## Task statement
In the entries below, find the line with "unfolding P_def V_def by measurable" and the line with "(indicator A :: real"; give again those lines and every line between them, exactly.
====== Dataset records ======
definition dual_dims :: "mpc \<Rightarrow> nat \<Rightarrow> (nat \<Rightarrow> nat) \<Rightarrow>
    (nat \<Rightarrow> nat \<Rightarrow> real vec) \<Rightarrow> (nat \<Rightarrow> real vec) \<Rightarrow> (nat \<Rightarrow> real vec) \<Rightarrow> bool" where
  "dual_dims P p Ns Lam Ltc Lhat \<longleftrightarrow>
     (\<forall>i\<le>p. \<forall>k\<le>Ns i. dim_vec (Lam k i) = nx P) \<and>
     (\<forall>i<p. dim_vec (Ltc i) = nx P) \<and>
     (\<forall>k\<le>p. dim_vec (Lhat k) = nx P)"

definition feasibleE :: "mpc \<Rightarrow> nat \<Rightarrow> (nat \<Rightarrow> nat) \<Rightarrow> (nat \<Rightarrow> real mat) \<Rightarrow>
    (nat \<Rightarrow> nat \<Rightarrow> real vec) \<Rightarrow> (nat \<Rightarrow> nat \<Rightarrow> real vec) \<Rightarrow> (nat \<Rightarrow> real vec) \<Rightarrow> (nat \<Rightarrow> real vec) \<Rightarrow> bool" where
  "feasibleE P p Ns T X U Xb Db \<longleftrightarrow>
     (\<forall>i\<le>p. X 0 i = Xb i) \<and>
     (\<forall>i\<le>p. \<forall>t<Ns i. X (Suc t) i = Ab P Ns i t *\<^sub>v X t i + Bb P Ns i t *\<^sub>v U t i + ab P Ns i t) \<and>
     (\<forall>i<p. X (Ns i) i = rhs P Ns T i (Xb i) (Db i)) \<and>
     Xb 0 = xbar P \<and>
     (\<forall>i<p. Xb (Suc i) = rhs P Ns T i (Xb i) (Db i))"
======
====== Dataset records ======
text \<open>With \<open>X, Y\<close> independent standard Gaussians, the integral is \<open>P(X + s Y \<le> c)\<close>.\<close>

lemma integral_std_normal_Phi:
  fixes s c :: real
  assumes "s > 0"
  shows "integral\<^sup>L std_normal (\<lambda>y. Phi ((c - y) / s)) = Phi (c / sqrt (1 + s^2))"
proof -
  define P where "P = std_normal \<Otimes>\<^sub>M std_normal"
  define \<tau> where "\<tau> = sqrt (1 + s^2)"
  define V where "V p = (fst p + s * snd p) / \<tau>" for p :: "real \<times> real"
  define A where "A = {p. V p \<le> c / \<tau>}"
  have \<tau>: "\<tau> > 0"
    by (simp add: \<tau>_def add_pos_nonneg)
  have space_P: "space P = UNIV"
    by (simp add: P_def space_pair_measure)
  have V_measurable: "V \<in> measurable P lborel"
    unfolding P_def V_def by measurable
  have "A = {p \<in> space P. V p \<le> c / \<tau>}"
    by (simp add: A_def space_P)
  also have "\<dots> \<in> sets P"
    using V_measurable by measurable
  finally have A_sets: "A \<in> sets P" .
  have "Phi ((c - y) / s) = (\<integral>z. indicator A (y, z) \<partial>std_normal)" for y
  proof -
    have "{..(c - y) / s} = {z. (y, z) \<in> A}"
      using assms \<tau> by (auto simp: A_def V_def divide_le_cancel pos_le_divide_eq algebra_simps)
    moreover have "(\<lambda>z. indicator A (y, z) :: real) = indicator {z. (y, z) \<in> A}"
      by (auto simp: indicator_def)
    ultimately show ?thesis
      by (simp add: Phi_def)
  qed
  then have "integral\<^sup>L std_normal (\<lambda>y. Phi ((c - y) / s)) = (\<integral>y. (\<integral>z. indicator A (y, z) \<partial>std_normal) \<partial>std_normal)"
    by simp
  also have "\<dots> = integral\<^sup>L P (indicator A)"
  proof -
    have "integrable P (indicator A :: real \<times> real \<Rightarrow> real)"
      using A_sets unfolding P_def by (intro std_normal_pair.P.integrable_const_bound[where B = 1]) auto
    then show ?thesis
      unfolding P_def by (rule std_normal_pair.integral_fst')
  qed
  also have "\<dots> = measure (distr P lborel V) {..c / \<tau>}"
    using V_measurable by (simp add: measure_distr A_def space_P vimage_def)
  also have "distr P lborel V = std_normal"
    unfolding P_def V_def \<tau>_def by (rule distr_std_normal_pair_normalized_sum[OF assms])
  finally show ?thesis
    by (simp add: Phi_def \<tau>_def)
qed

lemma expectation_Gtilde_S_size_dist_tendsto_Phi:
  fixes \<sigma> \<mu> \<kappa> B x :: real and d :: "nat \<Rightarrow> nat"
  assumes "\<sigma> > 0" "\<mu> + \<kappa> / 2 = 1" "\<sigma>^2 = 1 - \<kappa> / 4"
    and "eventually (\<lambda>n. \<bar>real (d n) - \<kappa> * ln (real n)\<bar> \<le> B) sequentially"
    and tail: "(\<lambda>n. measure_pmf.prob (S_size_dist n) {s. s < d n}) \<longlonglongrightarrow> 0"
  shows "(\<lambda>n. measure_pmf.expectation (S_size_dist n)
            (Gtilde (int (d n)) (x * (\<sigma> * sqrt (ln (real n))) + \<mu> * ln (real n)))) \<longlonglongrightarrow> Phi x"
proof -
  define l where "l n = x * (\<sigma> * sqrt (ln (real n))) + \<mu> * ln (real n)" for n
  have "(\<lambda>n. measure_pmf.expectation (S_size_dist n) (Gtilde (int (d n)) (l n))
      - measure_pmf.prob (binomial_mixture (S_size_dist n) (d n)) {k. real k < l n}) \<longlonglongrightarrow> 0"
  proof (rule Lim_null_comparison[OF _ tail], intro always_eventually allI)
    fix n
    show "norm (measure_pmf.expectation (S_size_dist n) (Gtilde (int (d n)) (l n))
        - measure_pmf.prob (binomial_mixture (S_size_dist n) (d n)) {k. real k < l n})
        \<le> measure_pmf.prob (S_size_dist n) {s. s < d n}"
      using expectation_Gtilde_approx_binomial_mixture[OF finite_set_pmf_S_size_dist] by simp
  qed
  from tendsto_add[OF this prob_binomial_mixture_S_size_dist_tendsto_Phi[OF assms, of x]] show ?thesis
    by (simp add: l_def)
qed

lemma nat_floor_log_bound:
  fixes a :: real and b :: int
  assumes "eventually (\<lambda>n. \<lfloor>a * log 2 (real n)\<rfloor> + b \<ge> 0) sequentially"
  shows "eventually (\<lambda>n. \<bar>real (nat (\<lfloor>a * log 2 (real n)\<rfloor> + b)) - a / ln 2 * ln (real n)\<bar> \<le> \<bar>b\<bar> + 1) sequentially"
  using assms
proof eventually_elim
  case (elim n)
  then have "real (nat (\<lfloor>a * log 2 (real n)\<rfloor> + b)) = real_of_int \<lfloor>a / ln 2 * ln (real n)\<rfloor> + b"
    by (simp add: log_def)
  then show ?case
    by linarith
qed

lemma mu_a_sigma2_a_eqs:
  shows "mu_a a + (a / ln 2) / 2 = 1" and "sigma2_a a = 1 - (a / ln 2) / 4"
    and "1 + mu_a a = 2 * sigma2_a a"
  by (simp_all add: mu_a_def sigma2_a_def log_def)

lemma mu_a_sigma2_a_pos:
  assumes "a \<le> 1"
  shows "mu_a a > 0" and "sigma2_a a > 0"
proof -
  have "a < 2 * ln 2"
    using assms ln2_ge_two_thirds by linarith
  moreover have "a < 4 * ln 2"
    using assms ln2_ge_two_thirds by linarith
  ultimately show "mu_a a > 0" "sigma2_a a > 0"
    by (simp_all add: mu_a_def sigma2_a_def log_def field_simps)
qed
======
## Response area
    unfolding P_def V_def by measurable
  have "A = {p \<in> space P. V p \<le> c / \<tau>}"
    by (simp add: A_def space_P)
  also have "\<dots> \<in> sets P"
    using V_measurable by measurable
  finally have A_sets: "A \<in> sets P" .
  have "Phi ((c - y) / s) = (\<integral>z. indicator A (y, z) \<partial>std_normal)" for y
  proof -
    have "{..(c - y) / s} = {z. (y, z) \<in> A}"
      using assms \<tau> by (auto simp: A_def V_def divide_le_cancel pos_le_divide_eq algebra_simps)
    moreover have "(\<lambda>z. indicator A (y, z) :: real) = indicator {z. (y, z) \<in> A}"
      by (auto simp: indicator_def)
    ultimately show ?thesis
      by (simp add: Phi_def)
  qed
  then have "integral\<^sup>L std_normal (\<lambda>y. Phi ((c - y) / s)) = (\<integral>y. (\<integral>z. indicator A (y, z) \<partial>std_normal) \<partial>std_normal)"
    by simp
  also have "\<dots> = integral\<^sup>L P (indicator A)"
  proof -
    have "integrable P (indicator A :: real \<times> real \<Rightarrow> real)"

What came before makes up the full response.